Segment Start: Materials provided

(* Let $N$ be a finite set and $\underline{N}\colon\mathrm{Aff}/\mathbb{Z}\to(\mathrm{Sets})$ the associated constant sheaf. For every ring $B$ the maps $\underline{N}(B)\to\underline{N}(B[[t]])\to\underline{N}(B((t)))$ are bijective. Equivalently, if $B((t))\simeq C_1\times\cdots\times C_l$ (resp. $B[[t]]\simeq C_1\times\cdots\times C_l$) then $B\simeq B_1\times\cdots\times B_l$ with $C_j=B_j((t))$ (resp. $C_j=B_j[[t]]$).
   Context: $B((t))=B[[t]][t^{-1}]$. The constant sheaf $\underline{N}$ assigns to $\mathrm{Spec}\,C$ the set of locally constant functions $\mathrm{Spec}\,C\to N$. *)

theory Defs
  imports "HOL-Library.FuncSet" "HOL-Computational_Algebra.Formal_Power_Series"
    "HOL-Computational_Algebra.Formal_Laurent_Series"
begin

definition prime_ideal :: "'a::comm_ring_1 set \<Rightarrow> bool" where
  "prime_ideal P \<longleftrightarrow> 0 \<in> P \<and> (\<forall>x\<in>P. \<forall>y\<in>P. x + y \<in> P)
     \<and> (\<forall>r. \<forall>x\<in>P. r * x \<in> P) \<and> 1 \<notin> P
     \<and> (\<forall>x y. x * y \<in> P \<longrightarrow> x \<in> P \<or> y \<in> P)"

definition Spec :: "'a::comm_ring_1 set set" where
  "Spec = {P. prime_ideal P}"

definition zariski_open :: "'a::comm_ring_1 set \<Rightarrow> 'a set set" where
  "zariski_open S = {P \<in> Spec. \<not> S \<subseteq> P}"

definition locally_constant_on_Spec :: "('a::comm_ring_1 set \<Rightarrow> 'n) \<Rightarrow> bool" where
  "locally_constant_on_Spec f \<longleftrightarrow>
     (\<forall>P\<in>Spec. \<exists>S. P \<in> zariski_open S \<and> (\<forall>Q\<in>zariski_open S. f Q = f P))"

definition const_sheaf :: "'n set \<Rightarrow> ('a::comm_ring_1 set \<Rightarrow> 'n) set" where
  "const_sheaf N = {f \<in> extensional Spec. f \<in> Spec \<rightarrow> N \<and> locally_constant_on_Spec f}"

definition sheaf_map :: "('a::comm_ring_1 \<Rightarrow> 'c::comm_ring_1) \<Rightarrow>
     ('a set \<Rightarrow> 'n) \<Rightarrow> ('c set \<Rightarrow> 'n)" where
  "sheaf_map phi f = restrict (\<lambda>Q. f (phi -` Q)) Spec"
lemma second_difference_axes:
  fixes f :: "real^'n::finite \<Rightarrow> real"
  assumes f: "differentiable_upto 2 U f" and t: "t > 0"
    and square: "\<And>a b. 0 \<le> a \<Longrightarrow> a \<le> t \<Longrightarrow> 0 \<le> b \<Longrightarrow> b \<le> t \<Longrightarrow>
        x + a *\<^sub>R axis k 1 + b *\<^sub>R axis l 1 \<in> U"
  shows "\<exists>a b. 0 < a \<and> a < t \<and> 0 < b \<and> b < t \<and>
      f (x + t *\<^sub>R axis k 1 + t *\<^sub>R axis l 1) - f (x + t *\<^sub>R axis k 1) - f (x + t *\<^sub>R axis l 1) + f x =
      t * t * pd l (pd k f) (x + a *\<^sub>R axis k 1 + b *\<^sub>R axis l 1)"
proof -
  have "\<forall>p\<in>U. f differentiable (at p)" "\<forall>p\<in>U. pd k f differentiable (at p)"
    using f by (simp_all add: numeral_2_eq_2)
  then show ?thesis
    using second_difference_mvt[OF t, where f=f and x=x and u="axis k 1" and v="axis l 1"] square
    by (simp add: pd_eq_frechet)
qed

lemma mixed_partials_approx:
  fixes f :: "real^'n::finite \<Rightarrow> real"
  assumes U: "open U" and x: "x \<in> U" and f: "differentiable_upto 2 U f" and d: "d > 0"
  shows "\<exists>p q. dist p x < d \<and> dist q x < d \<and> pd j (pd i f) p = pd i (pd j f) q"
proof -
  obtain r where r: "r > 0" "ball x r \<subseteq> U" using U x open_contains_ball by blast
  define t where "t = min d r / 4"
  have t: "t > 0" unfolding t_def using d r by auto
  have near: "dist (x + a *\<^sub>R axis k 1 + b *\<^sub>R axis l 1) x < min d r"
    if "0 \<le> a" "a \<le> t" "0 \<le> b" "b \<le> t" for a b and k l :: 'n
  proof -
    have "dist (x + a *\<^sub>R axis k 1 + b *\<^sub>R axis l 1) x \<le> norm (a *\<^sub>R axis k (1::real)) + norm (b *\<^sub>R axis l (1::real))"
      unfolding dist_norm using norm_triangle_ineq[of "a *\<^sub>R axis k (1::real)" "b *\<^sub>R axis l 1"] by simp
    also have "\<dots> = a + b" using that by simp
    finally show ?thesis using that t unfolding t_def by linarith
  qed
  have second_difference: "\<exists>a b. 0 < a \<and> a < t \<and> 0 < b \<and> b < t \<and>
      f (x + t *\<^sub>R axis k 1 + t *\<^sub>R axis l 1) - f (x + t *\<^sub>R axis k 1) - f (x + t *\<^sub>R axis l 1) + f x =
      t * t * pd l (pd k f) (x + a *\<^sub>R axis k 1 + b *\<^sub>R axis l 1)" for k l
    using near r f by (intro second_difference_axes[OF _ t]) (auto simp: dist_commute subset_iff)
  obtain a1 b1 where ab1: "0 < a1" "a1 < t" "0 < b1" "b1 < t" and
    E1: "f (x + t *\<^sub>R axis i 1 + t *\<^sub>R axis j 1) - f (x + t *\<^sub>R axis i 1) - f (x + t *\<^sub>R axis j 1) + f x =
         t * t * pd j (pd i f) (x + a1 *\<^sub>R axis i 1 + b1 *\<^sub>R axis j 1)"
    using second_difference[of i j] by blast
  obtain a2 b2 where ab2: "0 < a2" "a2 < t" "0 < b2" "b2 < t" and
    E2: "f (x + t *\<^sub>R axis j 1 + t *\<^sub>R axis i 1) - f (x + t *\<^sub>R axis j 1) - f (x + t *\<^sub>R axis i 1) + f x =
         t * t * pd i (pd j f) (x + a2 *\<^sub>R axis j 1 + b2 *\<^sub>R axis i 1)"
    using second_difference[of j i] by blast
  have swap: "x + t *\<^sub>R axis j 1 + t *\<^sub>R axis i 1 = x + t *\<^sub>R axis i 1 + t *\<^sub>R (axis j 1 :: real^'n)"
    by (simp add: algebra_simps)
  have "t * t * pd j (pd i f) (x + a1 *\<^sub>R axis i 1 + b1 *\<^sub>R axis j 1)
      = t * t * pd i (pd j f) (x + a2 *\<^sub>R axis j 1 + b2 *\<^sub>R axis i 1)"
    using E1 E2 unfolding swap by linarith
  then have "pd j (pd i f) (x + a1 *\<^sub>R axis i 1 + b1 *\<^sub>R axis j 1) = pd i (pd j f) (x + a2 *\<^sub>R axis j 1 + b2 *\<^sub>R axis i 1)"
    using t by simp
  moreover have "dist (x + a1 *\<^sub>R axis i 1 + b1 *\<^sub>R axis j 1) x < d" "dist (x + a2 *\<^sub>R axis j 1 + b2 *\<^sub>R axis i 1) x < d"
    using near[of a1 b1 i j] near[of a2 b2 j i] ab1 ab2 by auto
  ultimately show ?thesis by blast
qed

theorem schwarz:
  fixes f :: "real^'n::finite \<Rightarrow> real"
  assumes U: "open U" and x: "x \<in> U" and f: "differentiable_upto 2 U f"
  shows "pd i (pd j f) x = pd j (pd i f) x"
proof (rule ccontr)
  define D1 where "D1 = pd j (pd i f)"
  define D2 where "D2 = pd i (pd j f)"
  define \<epsilon> where "\<epsilon> = \<bar>D1 x - D2 x\<bar> / 2"
  assume "pd i (pd j f) x \<noteq> pd j (pd i f) x"
  then have \<epsilon>: "\<epsilon> > 0" unfolding \<epsilon>_def D1_def D2_def by auto
  have "continuous (at x) D1" "continuous (at x) D2"
    using f x unfolding D1_def D2_def by (simp_all add: numeral_2_eq_2 differentiable_imp_continuous_within)
  then obtain d1 d2 where d: "d1 > 0" "d2 > 0"
    and "\<And>p. dist p x < d1 \<Longrightarrow> dist (D1 p) (D1 x) < \<epsilon>" "\<And>p. dist p x < d2 \<Longrightarrow> dist (D2 p) (D2 x) < \<epsilon>"
    using \<epsilon> unfolding continuous_at_eps_delta by metis
  moreover obtain p q where "dist p x < min d1 d2" "dist q x < min d1 d2" "D1 p = D2 q"
    using mixed_partials_approx[OF U x f, of "min d1 d2" j i] d unfolding D1_def D2_def by auto
  ultimately have "\<bar>D1 x - D2 x\<bar> < 2 * \<epsilon>" by (fastforce simp: dist_real_def)
  then show False unfolding \<epsilon>_def by simp
qed

corollary schwarz_smooth:
  "open U \<Longrightarrow> x \<in> U \<Longrightarrow> smooth_on f U \<Longrightarrow> pd i (pd j f) x = pd j (pd i f) x"
  using schwarz smooth_on_iff_differentiable_upto by blast

(* The inverse metric has entries det(...)/det(g) by Cramer's rule, with det(g) ~= 0 by
   positive definiteness; so it is smooth, and so are the Christoffel symbols and the
   Riemann and Ricci tensors. *)
lemma det_nonzero_if_pos_def:
  fixes A :: "real^'n::finite^'n"
  assumes pos: "\<forall>v::real^'n. v \<noteq> 0 \<longrightarrow> (\<Sum>i\<in>UNIV. \<Sum>j\<in>UNIV. A$i$j * v$i * v$j) > 0"
  shows "det A \<noteq> 0"
proof -
  have "x = 0" if "A *v x = 0" for x
  proof -
    have "(\<Sum>i\<in>UNIV. \<Sum>j\<in>UNIV. A$i$j * x$i * x$j) = (\<Sum>i\<in>UNIV. x$i * (A *v x)$i)"
      by (simp add: matrix_vector_mult_def sum_distrib_left algebra_simps)
    then show "x = 0" using pos that by force
  qed
  then have "invertible A"
    using matrix_left_invertible_ker invertible_left_inverse by blast
  then show ?thesis using invertible_det_nz by blast
qed

lemma matrix_inv_entry_cramer:
  fixes A :: "real^'n::finite^'n"
  assumes d: "det A \<noteq> 0"
  shows "matrix_inv A $ i $ j = det (\<chi> r s. if s = i then (if r = j then 1 else 0) else A$r$s) / det A"
proof -
  have "A ** matrix_inv A = mat 1"
    using d invertible_det_nz unfolding invertible_def matrix_inv_def by (metis (mono_tags, lifting) someI_ex)
  then have "A *v (\<chi> k. matrix_inv A $ k $ j) = (\<chi> r. if r = j then 1 else 0)"
    by (simp add: vec_eq_iff matrix_vector_mult_def matrix_matrix_mult_def mat_def)
  then have "(\<chi> k. matrix_inv A $ k $ j) = (\<chi> k. det (\<chi> r s. if s = k then (\<chi> r. if r = j then 1 else 0) $ r else A$r$s) / det A)"
    using cramer[OF d] by blast
  then show ?thesis by (simp add: vec_eq_iff cong: if_cong)
qed

context
  fixes U :: "(real^'n::finite) set" and g :: "real^'n \<Rightarrow> 'n \<Rightarrow> 'n \<Rightarrow> real"
  assumes U: "open U" and metric: "riemannian_metric g U"
begin

lemma metric_smooth: "smooth_on (\<lambda>y. g y i j) U"
  using metric unfolding riemannian_metric_def by blast

lemma metric_sym: "y \<in> U \<Longrightarrow> g y i j = g y j i"
  using metric unfolding riemannian_metric_def by blast

lemma metric_det_nonzero: "y \<in> U \<Longrightarrow> det (\<chi> k l. g y k l) \<noteq> 0"
  using metric unfolding riemannian_metric_def by (intro det_nonzero_if_pos_def) auto

lemma ginv_smooth: "smooth_on (\<lambda>y. ginv g y i j) U"
proof -
  have "smooth_on (\<lambda>y. det (\<chi> r s. if s = i then (if r = j then 1 else 0) else g y r s) / det (\<chi> k l. g y k l)) U"
    using metric_det_nonzero
    by (intro smooth_divide[OF U] smooth_det[OF U]) (auto intro!: smooth_if[OF U] smooth_const[OF U] metric_smooth)
  then show ?thesis
    by (rule smooth_local[OF U]) (simp add: ginv_def matrix_inv_entry_cramer[OF metric_det_nonzero] cong: if_cong)
qed

lemma Christoffel_smooth: "smooth_on (\<lambda>y. Christoffel g y b c d) U"
  unfolding Christoffel_def
  by (intro smooth_mult[OF U] smooth_const[OF U] smooth_sum[OF U] finite_UNIV smooth_add[OF U]
      smooth_diff[OF U] ginv_smooth smooth_pd metric_smooth) auto

lemma Christoffel_sym:
  assumes y: "y \<in> U"
  shows "Christoffel g y b c d = Christoffel g y c b d"
proof -
  have "pd e (\<lambda>y. g y b c) y = pd e (\<lambda>y. g y c b) y" for e
    by (rule pd_local[OF U y]) (simp add: metric_sym)
  then show ?thesis unfolding Christoffel_def by (simp add: algebra_simps)
qed

lemma Riem_smooth: "smooth_on (\<lambda>y. Riem g y a b c d) U"
  unfolding Riem_def
  by (intro smooth_mult[OF U] smooth_sum[OF U] finite_UNIV smooth_add[OF U] smooth_diff[OF U]
      smooth_pd Christoffel_smooth) auto

lemma Ric_smooth: "smooth_on (\<lambda>y. Ric g y a c) U"
  unfolding Ric_def by (intro smooth_sum[OF U] Riem_smooth) auto

end

lemma sum_rotate3:
  "(\<Sum>a\<in>A. \<Sum>b\<in>B. \<Sum>c\<in>C. F a b c) = (\<Sum>c\<in>C. \<Sum>a\<in>A. \<Sum>b\<in>B. F a b c)"
proof -
  have "(\<Sum>a\<in>A. \<Sum>b\<in>B. \<Sum>c\<in>C. F a b c) = (\<Sum>a\<in>A. \<Sum>c\<in>C. \<Sum>b\<in>B. F a b c)"
    by (rule sum.cong[OF refl], rule sum.swap)
  also have "\<dots> = (\<Sum>c\<in>C. \<Sum>a\<in>A. \<Sum>b\<in>B. F a b c)"
    by (rule sum.swap)
  finally show ?thesis .
qed

lemma sum_reverse3:
  "(\<Sum>a\<in>A. \<Sum>b\<in>B. \<Sum>c\<in>C. F a b c) = (\<Sum>c\<in>C. \<Sum>b\<in>B. \<Sum>a\<in>A. F a b c)"
  unfolding sum_rotate3[of F] by (rule sum.cong[OF refl], rule sum.swap)

(* The 2-jet at a point of a symmetric connection: the values G a b c = Gamma_ab^c and
   their first and second partial derivatives dG q a b c, ddG r q a b c.  All curvature
   identities needed are polynomial identities in these numbers. *)
locale torsion_free_jet =
  fixes G :: "'n::finite \<Rightarrow> 'n \<Rightarrow> 'n \<Rightarrow> real"
    and dG :: "'n \<Rightarrow> 'n \<Rightarrow> 'n \<Rightarrow> 'n \<Rightarrow> real"
    and ddG :: "'n \<Rightarrow> 'n \<Rightarrow> 'n \<Rightarrow> 'n \<Rightarrow> 'n \<Rightarrow> real"
  assumes G_sym: "G a b c = G b a c"
    and dG_sym: "dG q a b c = dG q b a c"
    and ddG_sym_derivs: "ddG r q a b c = ddG q r a b c"
    and ddG_sym: "ddG r q a b c = ddG r q b a c"
begin

definition R where
  "R a b c d = dG a b c d - dG b a c d - (\<Sum>k\<in>UNIV. G a c k * G b k d) + (\<Sum>k\<in>UNIV. G a k d * G b c k)"

definition dR where
  "dR q a b c d = ddG q a b c d - ddG q b a c d
     - (\<Sum>k\<in>UNIV. dG q a c k * G b k d + G a c k * dG q b k d)
     + (\<Sum>k\<in>UNIV. dG q a k d * G b c k + G a k d * dG q b c k)"

definition Rc where "Rc a c = (\<Sum>b\<in>UNIV. R a b c b)"

definition dRc where "dRc q a c = (\<Sum>b\<in>UNIV. dR q a b c b)"

definition nabla_Rc where
  "nabla_Rc q a c = dRc q a c - (\<Sum>k\<in>UNIV. G q a k * Rc k c) - (\<Sum>k\<in>UNIV. G q c k * Rc a k)"

definition div_R where
  "div_R b c e = (\<Sum>m\<in>UNIV. dR m b c e m
     - (\<Sum>k\<in>UNIV. G m b k * R k c e m) - (\<Sum>k\<in>UNIV. G m c k * R b k e m)
     - (\<Sum>k\<in>UNIV. G m e k * R b c k m) + (\<Sum>k\<in>UNIV. G m k m * R b c e k))"

lemma R_antisym: "R a b c d = - R b a c d"
  unfolding R_def by (simp add: mult.commute)

lemma first_bianchi: "R a b c d + R b c a d + R c a b d = 0"
proof -
  have "dG a b c d = dG a c b d" "dG b c a d = dG b a c d" "dG c a b d = dG c b a d"
    using dG_sym by blast+
  moreover have "(\<Sum>k\<in>UNIV. G a c k * G b k d) = (\<Sum>k\<in>UNIV. G b k d * G c a k)"
    by (simp add: G_sym[of a c] mult.commute)
  moreover have "(\<Sum>k\<in>UNIV. G b a k * G c k d) = (\<Sum>k\<in>UNIV. G c k d * G a b k)"
    by (simp add: G_sym[of a b] mult.commute)
  moreover have "(\<Sum>k\<in>UNIV. G c b k * G a k d) = (\<Sum>k\<in>UNIV. G a k d * G b c k)"
    by (simp add: G_sym[of c b] mult.commute)
  ultimately show ?thesis unfolding R_def by linarith
qed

Segment End: Materials provided

§ Task item: Pull every line containing the word "epsilon" out of the material and copy it.

§ Task output:
  define \<epsilon> where "\<epsilon> = \<bar>D1 x - D2 x\<bar> / 2"
  then have \<epsilon>: "\<epsilon> > 0" unfolding \<epsilon>_def D1_def D2_def by auto
    and "\<And>p. dist p x < d1 \<Longrightarrow> dist (D1 p) (D1 x) < \<epsilon>" "\<And>p. dist p x < d2 \<Longrightarrow> dist (D2 p) (D2 x) < \<epsilon>"
    using \<epsilon> unfolding continuous_at_eps_delta by metis
  ultimately have "\<bar>D1 x - D2 x\<bar> < 2 * \<epsilon>" by (fastforce simp: dist_real_def)
  then show False unfolding \<epsilon>_def by simp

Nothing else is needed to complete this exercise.